Microsoft's (NASDAQ:MSFT) successor to Windows Vista has a familiar name. No it's not Vista 2. It's not Windows XP-alidocious, either. The new operating system, which the media has been referring to by its working title of Windows 7, will be called -- wait for it -- Windows 7.

"While I know there have been a few cases at Microsoft when the codename of a product was used for the final release, I am pretty sure that this is a first for Windows," wrote Windows product-management head Mike Nash in his company's blog yesterday.

He continued:

The decision to use the name Windows 7 is about simplicity. Over the years, we have taken different approaches to naming Windows. We've used version numbers like Windows 3.11, or dates like Windows 98, or "aspirational" monikers like Windows XP or Windows Vista. And since we do not ship new versions of Windows every year, using a date did not make sense. Likewise, coming up with an all-new "aspirational" name does not do justice to what we are trying to achieve, which is to stay firmly rooted in our aspirations for Windows Vista, while evolving and refining the substantial investments in platform technology in Windows Vista into the next generation of Windows.

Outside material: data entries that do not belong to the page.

(* Let $q=p^f$ with $p$ prime, $n=q+1$, and let $\mathbf{A}\in\mathrm{GL}_n(q)$ be the matrix defined in the context. Let $\mathcal{C}$ be an $\langle\mathbf{A}\rangle$-irreducible linear $[n,k]_q$ code. Then either $k=2$, or $k=1$, $q$ is even and $\mathcal{C}$ is spanned by the vector $(1,1,\ldots,1)$. If further $\mathcal{C}$ is faithful, then $\langle\mathbf{A}\rangle$ acts regularly on the set of nonzero codewords of $\mathcal{C}$; in particular, $\mathcal{C}$ is an equidistant linear $[n,2]_q$ code of weight $q$.
   Context: A linear $[n,k]_q$ code is a $k$-dimensional subspace of the row space $\mathbb{F}_q^n$; the weight of a vector is its number of nonzero coordinates; a code is equidistant of weight $\omega$ if all nonzero codewords have weight $\omega$. Write the multiplicative group $\mathbb{F}_q^*=\langle\eta,\lambda\rangle$ where $\lambda$ has odd order and $\eta$ has order a power of $2$. Let $\mathbf{D}$ be the $n\times n$ diagonal matrix $\mathrm{diag}(\eta\lambda,\lambda,\eta\lambda,\ldots,\eta\lambda)$ (first entry $\eta\lambda$, second entry $\lambda$, remaining $n-2$ entries $\eta\lambda$), let $\mathbf{P}=\begin{pmatrix}\mathbf{0}' & \mathbf{I}_{n-1}\\ 1 & \mathbf{0}\end{pmatrix}$ (where $\mathbf{0}'$ is the zero column of length $n-1$ and $\mathbf{0}$ the zero row of length $n-1$), and $\mathbf{A}=\mathbf{D}\mathbf{P}$, acting on $\mathbb{F}_q^n$ by right multiplication of row vectors. A code $\mathcal{C}$ is $\langle\mathbf{A}\rangle$-invariant if $\mathbf{u}\mathbf{A}\in\mathcal{C}$ for all $\mathbf{u}\in\mathcal{C}$; an $\langle\mathbf{A}\rangle$-invariant $[n,k]_q$ code is $\langle\mathbf{A}\rangle$-irreducible if it contains no $\langle\mathbf{A}\rangle$-invariant $[n,k']_q$ code with $1\leqslant k'<k$, and faithful if no nonidentity element of $\langle\mathbf{A}\rangle$ fixes $\mathcal{C}$ pointwise. *)

theory Defs
  imports Complex_Main "HOL-Library.Function_Algebras" "HOL-Library.Cardinality" "HOL-Computational_Algebra.Primes"
begin

text \<open>Row vectors of length n over a field are modelled as functions nat => 'a
  that vanish outside {0..<n}; n x n matrices as functions nat => nat => 'a
  vanishing outside {0..<n} x {0..<n}.\<close>

definition fscale :: "'a::field \<Rightarrow> (nat \<Rightarrow> 'a) \<Rightarrow> (nat \<Rightarrow> 'a)" where
  "fscale c v = (\<lambda>i. c * v i)"

lemma vector_space_fscale: "vector_space (fscale :: 'a::field \<Rightarrow> _)"
  unfolding vector_space_def fscale_def by (auto simp: fun_eq_iff algebra_simps)

definition Fvecs :: "nat \<Rightarrow> (nat \<Rightarrow> 'a::zero) set" where
  "Fvecs n = {v. \<forall>i\<ge>n. v i = 0}"

definition wt :: "nat \<Rightarrow> (nat \<Rightarrow> 'a::zero) \<Rightarrow> nat" where
  "wt n v = card {i. i < n \<and> v i \<noteq> 0}"

definition code_dim :: "(nat \<Rightarrow> 'a::field) set \<Rightarrow> nat" where
  "code_dim C = vector_space.dim fscale C"
(* Let $\Omega\subset\mathbb{R}^N$ ($N\geq 2$) be a bounded Lipschitz open set and fix $s_0\in[1/2,1)$. Then $\limsup_{s\searrow s_0}S_{N,s}(\Omega)\leq S_{N,s_0}(\Omega)$.
   Context: For $s\in(0,1)$: $c_{N,s}$ is the standard normalization constant of the fractional Laplacian on $\mathbb{R}^N$, $2^*_s=\frac{2N}{N-2s}$, $Q_{N,s,\Omega}(u)=\frac{c_{N,s}}{2}\int_\Omega\int_\Omega\frac{(u(x)-u(y))^2}{|x-y|^{N+2s}}dxdy$, $H^s_0(\Omega)$ is the completion of $C^\infty_c(\Omega)$ in the norm $(\|u\|^2_{L^2(\Omega)}+Q_{N,s,\Omega}(u))^{1/2}$, and $S_{N,s}(\Omega)=\inf_{u\in H^s_0(\Omega),u\neq0}\frac{Q_{N,s,\Omega}(u)}{\|u\|^2_{L^{2^*_s}(\Omega)}}$. Lipschitz open set: each boundary point has a neighbourhood described by a bi-Lipschitz map from a cylinder $B_r\times(-r,r)$ ($B_r$ an $(N-1)$-ball) sending the upper half into $\Omega$ and the flat part into $\partial\Omega$. *)

theory Defs
  imports "HOL-Analysis.Analysis"
begin

fun iter_pd :: "'a::euclidean_space list \<Rightarrow> ('a \<Rightarrow> real) \<Rightarrow> ('a \<Rightarrow> real)" where
  "iter_pd [] f = f"
| "iter_pd (b # bs) f = (\<lambda>x. deriv (\<lambda>t. iter_pd bs f (x + t *\<^sub>R b)) 0)"

definition smooth_fun :: "('a::euclidean_space \<Rightarrow> real) \<Rightarrow> bool" where
  "smooth_fun f \<longleftrightarrow>
     (\<forall>bs. set bs \<subseteq> Basis \<longrightarrow>
        continuous_on UNIV (iter_pd bs f) \<and>
        (\<forall>b\<in>Basis. \<forall>x. (\<lambda>t. iter_pd bs f (x + t *\<^sub>R b)) differentiable (at 0)))"

definition Cc_inf :: "'a::euclidean_space set \<Rightarrow> ('a \<Rightarrow> real) \<Rightarrow> bool" where
  "Cc_inf \<Omega> f \<longleftrightarrow> smooth_fun f \<and> compact (closure {x. f x \<noteq> 0}) \<and> closure {x. f x \<noteq> 0} \<subseteq> \<Omega>"

definition c_const :: "nat \<Rightarrow> real \<Rightarrow> real" where
  "c_const N s = s * 2 powr (2 * s) * Gamma ((real N + 2 * s) / 2) / (pi powr (real N / 2) * Gamma (1 - s))"

definition crit_exp :: "nat \<Rightarrow> real \<Rightarrow> real" where
  "crit_exp N s = 2 * real N / (real N - 2 * s)"

definition Qform :: "real \<Rightarrow> 'a::euclidean_space set \<Rightarrow> ('a \<Rightarrow> real) \<Rightarrow> ennreal" where
  "Qform s \<Omega> u = ennreal (c_const DIM('a) s / 2) *
     (\<integral>\<^sup>+ x. (\<integral>\<^sup>+ y. ennreal ((u x - u y)\<^sup>2 / norm (x - y) powr (real DIM('a) + 2 * s))
        * indicator \<Omega> y \<partial>lebesgue) * indicator \<Omega> x \<partial>lebesgue)"

definition Hs0 :: "real \<Rightarrow> 'a::euclidean_space set \<Rightarrow> ('a \<Rightarrow> real) set" where
  "Hs0 s \<Omega> = {u. u \<in> borel_measurable lebesgue \<and>
     (\<exists>\<phi>. (\<forall>n. Cc_inf \<Omega> (\<phi> n)) \<and>
        ((\<lambda>n. (\<integral>\<^sup>+ x. ennreal ((\<phi> n x - u x)\<^sup>2) * indicator \<Omega> x \<partial>lebesgue)
              + Qform s \<Omega> (\<lambda>x. \<phi> n x - u x)) \<longlonglongrightarrow> 0))}"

You know better, of course. After getting burned on Vista -- perhaps unfairly -- Microsoft wasn't going to reach for something "aspirational." Anything along the lines of "Windows Panorama" or "Windows Landscape" would get taken out quicker than Kimbo Slice last week.  

Microsoft needs a clean break, even if it has to borrow album-titling simplicity from the likes of Chicago and Led Zeppelin to do it. And Windows 7 is the perfect balance of honoring the Microsoft legacy while sidestepping the Vista stigma. If Apple (NASDAQ:AAPL) had ever stumbled with its Leopard or Jaguar operating systems, you just know it would never get catty again.

This is a tricky time for Microsoft, as cloud computing evolves. Google's (NASDAQ:GOOG) Google Docs suite, word-processing programs such as Adobe's (NASDAQ:ADBE) Buzzword and Sun Microsystems' (NASDAQ:JAVA) StarOffice, and even corporate applications from salesforce.com (NYSE:CRM) have all brought into question the significance of operating systems.

Sure, you obviously need a platform to get your computer running, but the growing popularity of Web-stored software is making the operating system less relevant. Even Dell (NASDAQ:DELL), a longtime Microsoft ally, is shipping some of its entry-level laptops with the Linux-powered Ubuntu operating system installed.

A lot is riding on Windows 7, as Microsoft gradually takes the wraps off its new operating system over the next few months. Microsoft needs a hit even more than it does that clean break.